Challenging problems such as these are greatly beneficial to our learning process in chemistry. They help students connect multiple ideas, often from different content areas together to answer a more complex problem than those they have encountered in the past. These are the best way to assess and strengthen a students true understanding of the material at hand because they must pull the information together by feel, navigating on their own, rather than simply following a step-by-step process they were given for one specific set of problems.
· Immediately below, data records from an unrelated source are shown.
lemma partials_lincomb_comp:
  assumes g: "g \<in> iter_partials \<phi>" and u: "u \<in> W"
    and DA: "(Xa has_derivative (\<lambda>h. fst h *\<^sub>R Aa + snd h *\<^sub>R Ab)) (at (\<phi> u))"
    and DB: "(Xb has_derivative (\<lambda>h. fst h *\<^sub>R Ba + snd h *\<^sub>R Bb)) (at (\<phi> u))"
  shows "partial1 (\<lambda>z. fst (g z) *\<^sub>R Xa (\<phi> z) + snd (g z) *\<^sub>R Xb (\<phi> z)) u =
      fst (partial1 g u) *\<^sub>R Xa (\<phi> u) + snd (partial1 g u) *\<^sub>R Xb (\<phi> u)
      + fst (g u) *\<^sub>R (fst (partial1 \<phi> u) *\<^sub>R Aa + snd (partial1 \<phi> u) *\<^sub>R Ab)
      + snd (g u) *\<^sub>R (fst (partial1 \<phi> u) *\<^sub>R Ba + snd (partial1 \<phi> u) *\<^sub>R Bb)" (is ?P1)
    and "partial2 (\<lambda>z. fst (g z) *\<^sub>R Xa (\<phi> z) + snd (g z) *\<^sub>R Xb (\<phi> z)) u =
      fst (partial2 g u) *\<^sub>R Xa (\<phi> u) + snd (partial2 g u) *\<^sub>R Xb (\<phi> u)
      + fst (g u) *\<^sub>R (fst (partial2 \<phi> u) *\<^sub>R Aa + snd (partial2 \<phi> u) *\<^sub>R Ab)
      + snd (g u) *\<^sub>R (fst (partial2 \<phi> u) *\<^sub>R Ba + snd (partial2 \<phi> u) *\<^sub>R Bb)" (is ?P2)
proof -
  obtain s t where st: "u = (s, t)" by fastforce
  have uW: "(s, t) \<in> W" using u st by simp
  note DA' = DA[unfolded st] and DB' = DB[unfolded st]
  from has_vector_derivative_lincomb_comp[OF smooth2_on_has_partial1[OF smooth iter_partials.base uW]
      smooth2_on_has_partial1[OF smooth g uW] DA' DB']
  show ?P1 unfolding partial1_def st by (simp add: vector_derivative_at)
  from has_vector_derivative_lincomb_comp[OF smooth2_on_has_partial2[OF smooth iter_partials.base uW]
      smooth2_on_has_partial2[OF smooth g uW] DA' DB']
  show ?P2 unfolding partial2_def st by (simp add: vector_derivative_at)
qed

lemma second_partials_comp:
  assumes DX: "\<And>z. P z \<Longrightarrow> (X has_derivative (\<lambda>h. fst h *\<^sub>R Xa z + snd h *\<^sub>R Xb z)) (at z)"
    and DXa: "\<And>z. P z \<Longrightarrow> (Xa has_derivative (\<lambda>h. fst h *\<^sub>R Xaa z + snd h *\<^sub>R Xab z)) (at z)"
    and DXb: "\<And>z. P z \<Longrightarrow> (Xb has_derivative (\<lambda>h. fst h *\<^sub>R Xab z + snd h *\<^sub>R Xbb z)) (at z)"
    and W: "open W" and u: "u \<in> W"
  defines "a1 \<equiv> fst (partial1 \<phi> u)" and "b1 \<equiv> snd (partial1 \<phi> u)"
    and "a2 \<equiv> fst (partial2 \<phi> u)" and "b2 \<equiv> snd (partial2 \<phi> u)"
  shows "partial1 (partial1 (X \<circ> \<phi>)) u =
        fst (partial1 (partial1 \<phi>) u) *\<^sub>R Xa (\<phi> u) + snd (partial1 (partial1 \<phi>) u) *\<^sub>R Xb (\<phi> u)
        + a1 *\<^sub>R (a1 *\<^sub>R Xaa (\<phi> u) + b1 *\<^sub>R Xab (\<phi> u)) + b1 *\<^sub>R (a1 *\<^sub>R Xab (\<phi> u) + b1 *\<^sub>R Xbb (\<phi> u))" (is ?P11)
    and "partial2 (partial1 (X \<circ> \<phi>)) u =
        fst (partial2 (partial1 \<phi>) u) *\<^sub>R Xa (\<phi> u) + snd (partial2 (partial1 \<phi>) u) *\<^sub>R Xb (\<phi> u)
        + a1 *\<^sub>R (a2 *\<^sub>R Xaa (\<phi> u) + b2 *\<^sub>R Xab (\<phi> u)) + b1 *\<^sub>R (a2 *\<^sub>R Xab (\<phi> u) + b2 *\<^sub>R Xbb (\<phi> u))" (is ?P12)
    and "partial2 (partial2 (X \<circ> \<phi>)) u =
        fst (partial2 (partial2 \<phi>) u) *\<^sub>R Xa (\<phi> u) + snd (partial2 (partial2 \<phi>) u) *\<^sub>R Xb (\<phi> u)
        + a2 *\<^sub>R (a2 *\<^sub>R Xaa (\<phi> u) + b2 *\<^sub>R Xab (\<phi> u)) + b2 *\<^sub>R (a2 *\<^sub>R Xab (\<phi> u) + b2 *\<^sub>R Xbb (\<phi> u))" (is ?P22)
proof -
  have DA: "(Xa has_derivative (\<lambda>h. fst h *\<^sub>R Xaa (\<phi> u) + snd h *\<^sub>R Xab (\<phi> u))) (at (\<phi> u))"
    and DB: "(Xb has_derivative (\<lambda>h. fst h *\<^sub>R Xab (\<phi> u) + snd h *\<^sub>R Xbb (\<phi> u))) (at (\<phi> u))"
    using DXa DXb maps u by blast+
  note d1 = partials_lincomb_comp[OF iter_partials.d1[OF iter_partials.base] u DA DB]
  note d2 = partials_lincomb_comp[OF iter_partials.d2[OF iter_partials.base] u DA DB]
  show ?P11
    using partial1_cong[OF W first_partials_comp(1)[OF DX] u] d1(1) by (simp add: a1_def b1_def)
  show ?P12
    using partial2_cong[OF W first_partials_comp(1)[OF DX] u] d1(2) by (simp add: a1_def b1_def a2_def b2_def)
  show ?P22
    using partial2_cong[OF W first_partials_comp(2)[OF DX] u] d2(2) by (simp add: a2_def b2_def)
qed

end


section \<open>Rotations about an axis and surfaces of revolution\<close>

lemma cross3_cramer:
  "(a \<bullet> cross3 b c) *\<^sub>R r = (r \<bullet> cross3 b c) *\<^sub>R a + (r \<bullet> cross3 c a) *\<^sub>R b + (r \<bullet> cross3 a b) *\<^sub>R c"
  by (simp add: cross3_simps forall_3)

lemma orthonormal_frame_cross3:
  assumes v: "v \<bullet> v = 1" and w: "w \<bullet> w = 1" and vw: "v \<bullet> w = 0"
  shows "cross3 v w \<bullet> cross3 v w = 1" "cross3 v w \<bullet> v = 0" "cross3 v w \<bullet> w = 0"
    "v \<bullet> cross3 v w = 0" "w \<bullet> cross3 v w = 0" "w \<bullet> v = 0"
    "cross3 w (cross3 v w) = v" "cross3 (cross3 v w) v = w" "cross3 w v = - cross3 v w"
    "cross3 (cross3 v w) w = - v" "cross3 v (cross3 v w) = - w"
proof -
  have "(norm (cross3 v w))\<^sup>2 + (v \<bullet> w)\<^sup>2 = (norm v * norm w)\<^sup>2" by (rule norm_cross_dot)
  then show "cross3 v w \<bullet> cross3 v w = 1" using v w vw by (simp add: power2_norm_eq_inner norm_eq_sqrt_inner)
  show "cross3 v w \<bullet> v = 0" "cross3 v w \<bullet> w = 0" "v \<bullet> cross3 v w = 0" "w \<bullet> cross3 v w = 0"
    by (simp_all add: dot_cross_self)
  show "w \<bullet> v = 0" using vw by (simp add: inner_commute)
  show "cross3 w (cross3 v w) = v" using w vw by (simp add: Lagrange inner_commute)
  show "cross3 (cross3 v w) v = w"
    using v vw by (simp add: cross_skew[of "cross3 v w" v] Lagrange)
  show "cross3 w v = - cross3 v w" by (rule cross_skew)
  show "cross3 (cross3 v w) w = - v"
    using w vw by (simp add: cross_skew[of "cross3 v w" w] Lagrange inner_commute)
  show "cross3 v (cross3 v w) = - w" using v vw by (simp add: Lagrange)
qed

lemma orthonormal_frame_decomp:
  assumes v: "v \<bullet> v = 1" and n: "n \<bullet> n = 1" and vn: "v \<bullet> n = 0" and z: "z \<bullet> n = 0"
  shows "z = (z \<bullet> v) *\<^sub>R v + (z \<bullet> cross3 n v) *\<^sub>R cross3 n v"
proof -
  define w where "w = cross3 n v"
  have nv: "n \<bullet> v = 0" using vn by (simp add: inner_commute)
  note frame = orthonormal_frame_cross3[OF n v nv, folded w_def]
  define r where "r = z - (z \<bullet> v) *\<^sub>R v - (z \<bullet> w) *\<^sub>R w"
  have r: "r \<bullet> v = 0" "r \<bullet> n = 0" "r \<bullet> w = 0"
    unfolding r_def using v vn z frame by (simp_all add: inner_diff_right inner_commute)
  have "(v \<bullet> cross3 n w) *\<^sub>R r = (r \<bullet> cross3 n w) *\<^sub>R v + (r \<bullet> cross3 w v) *\<^sub>R n + (r \<bullet> cross3 v n) *\<^sub>R w"
    by (rule cross3_cramer)
  also have "\<dots> = 0"
    using r frame by (simp add: w_def cross_skew[of v n] inner_commute)
  finally have "r = 0" using v frame by (simp add: w_def)
  then show ?thesis unfolding r_def w_def by (simp add: algebra_simps)
qed

text \<open>
  Rotations about \<open>v\<close> and their derivatives
  with respect to the angle are of this form.
\<close>
definition axial_lin :: "real^3 \<Rightarrow> real \<Rightarrow> real \<Rightarrow> real \<Rightarrow> real^3 \<Rightarrow> real^3" where
  "axial_lin v k c s z = (k * (z \<bullet> v)) *\<^sub>R v + c *\<^sub>R (z - (z \<bullet> v) *\<^sub>R v) + s *\<^sub>R cross3 v z"

lemma rot_about_eq_axial_lin: "rot_about a v \<theta> x = a + axial_lin v 1 (cos \<theta>) (sin \<theta>) (x - a)"
  unfolding rot_about_def axial_lin_def by simp

lemma axial_lin_at_zero_angle:
  "axial_lin v 1 1 0 z = z" "axial_lin v 0 0 1 z = cross3 v z" "axial_lin v 0 (- 1) 0 z = (z \<bullet> v) *\<^sub>R v - z"
  unfolding axial_lin_def by simp_all

lemma bounded_linear_cross3: "bounded_linear (cross3 v)"
  using bilinear_cross unfolding bilinear_def by (simp add: linear_conv_bounded_linear)

lemma has_derivative_axial_lin:
  assumes f: "(f has_vector_derivative f') (at t0)"
    and c: "(c has_real_derivative c') (at \<theta>0)" and s: "(s has_real_derivative s') (at \<theta>0)"
  shows "((\<lambda>z. axial_lin v k (c (snd z)) (s (snd z)) (f (fst z))) has_derivative
      (\<lambda>h. fst h *\<^sub>R axial_lin v k (c \<theta>0) (s \<theta>0) f' + snd h *\<^sub>R axial_lin v 0 c' s' (f t0))) (at (t0, \<theta>0))"
proof -
  have F: "((\<lambda>z. f (fst z)) has_derivative (\<lambda>h. fst h *\<^sub>R f')) (at (t0, \<theta>0))"
    using has_derivative_compose[OF has_derivative_fst[OF has_derivative_ident], of f "\<lambda>x. x *\<^sub>R f'" "(t0, \<theta>0)" UNIV] f
    by (simp add: has_vector_derivative_def)
  have C: "((\<lambda>z. c (snd z)) has_derivative (\<lambda>h. c' * snd h)) (at (t0, \<theta>0))"
    using has_derivative_compose[OF has_derivative_snd[OF has_derivative_ident], of c "\<lambda>x. c' * x" "(t0, \<theta>0)" UNIV] c
    by (simp add: has_field_derivative_def)
  have S: "((\<lambda>z. s (snd z)) has_derivative (\<lambda>h. s' * snd h)) (at (t0, \<theta>0))"
    using has_derivative_compose[OF has_derivative_snd[OF has_derivative_ident], of s "\<lambda>x. s' * x" "(t0, \<theta>0)" UNIV] s
    by (simp add: has_field_derivative_def)
  have X: "((\<lambda>z. cross3 v (f (fst z))) has_derivative (\<lambda>h. cross3 v (fst h *\<^sub>R f'))) (at (t0, \<theta>0))"
    by (rule bounded_linear.has_derivative[OF bounded_linear_cross3 F])
  show ?thesis unfolding axial_lin_def
    by (rule has_derivative_eq_rhs, (rule derivative_eq_intros F C S X refl | simp)+)
      (simp add: fun_eq_iff algebra_simps cross_mult_right inner_diff_left)
qed

lemma rot_about_zero_pi:
  assumes "v \<bullet> v = 1" "v \<bullet> w = 0"
  shows "rot_about a v 0 (a + x *\<^sub>R v + y *\<^sub>R w) = a + x *\<^sub>R v + y *\<^sub>R w"
    and "rot_about a v pi (a + x *\<^sub>R v + y *\<^sub>R w) = a + x *\<^sub>R v - y *\<^sub>R w"
  using assms by (simp_all add: rot_about_def inner_add_left inner_add_right inner_commute add.assoc)

text \<open>
  For the surface of revolution about the axis \<open>v\<close> generated by a profile \<open>x v + y w\<close> with
  \<open>y > 0\<close>, this is the sum of its principal curvatures (up to sign): the curvature of the
  profile plus the normal curvature of the parallel circles.
\<close>
definition revolution_curv_sum :: "real \<Rightarrow> real \<Rightarrow> real \<Rightarrow> real \<Rightarrow> real \<Rightarrow> real" where
  "revolution_curv_sum y x' y' x'' y'' =
     x' / (sqrt (x'\<^sup>2 + y'\<^sup>2) * y) - (x' * y'' - x'' * y') / sqrt (x'\<^sup>2 + y'\<^sup>2) ^ 3"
After being assessed on stoichiometry, we moved on to the Lewis structures of atoms (as depicted in the images below). Developed by scientist G. N. Lewis, this notation is commonly used to show the structure of molecules through the covalent bonds they form. Covalent bonds form between atoms that share electrons in order to complete their octet and become more stable like the noble gases nearest them, aside from hydrogen which only forms a duet with a single bonding pair. The octet rule is mainly a result of the eight electron spaces in their valence electron shell. The valence electrons of any atom are those in the s and p orbitals of their highest energy level. These particular electrons are the only reason that the nonmetal elements form compounds, because nonmetal elements will not form positive ions (aside from ammonium). For the best practice drawing Lewis structures, see the link below.

Lewis structure practice:
http://www.chem.purdue.edu/vsepr/practice.html


Lewis structure of HCN (left) and other common
molecules (right)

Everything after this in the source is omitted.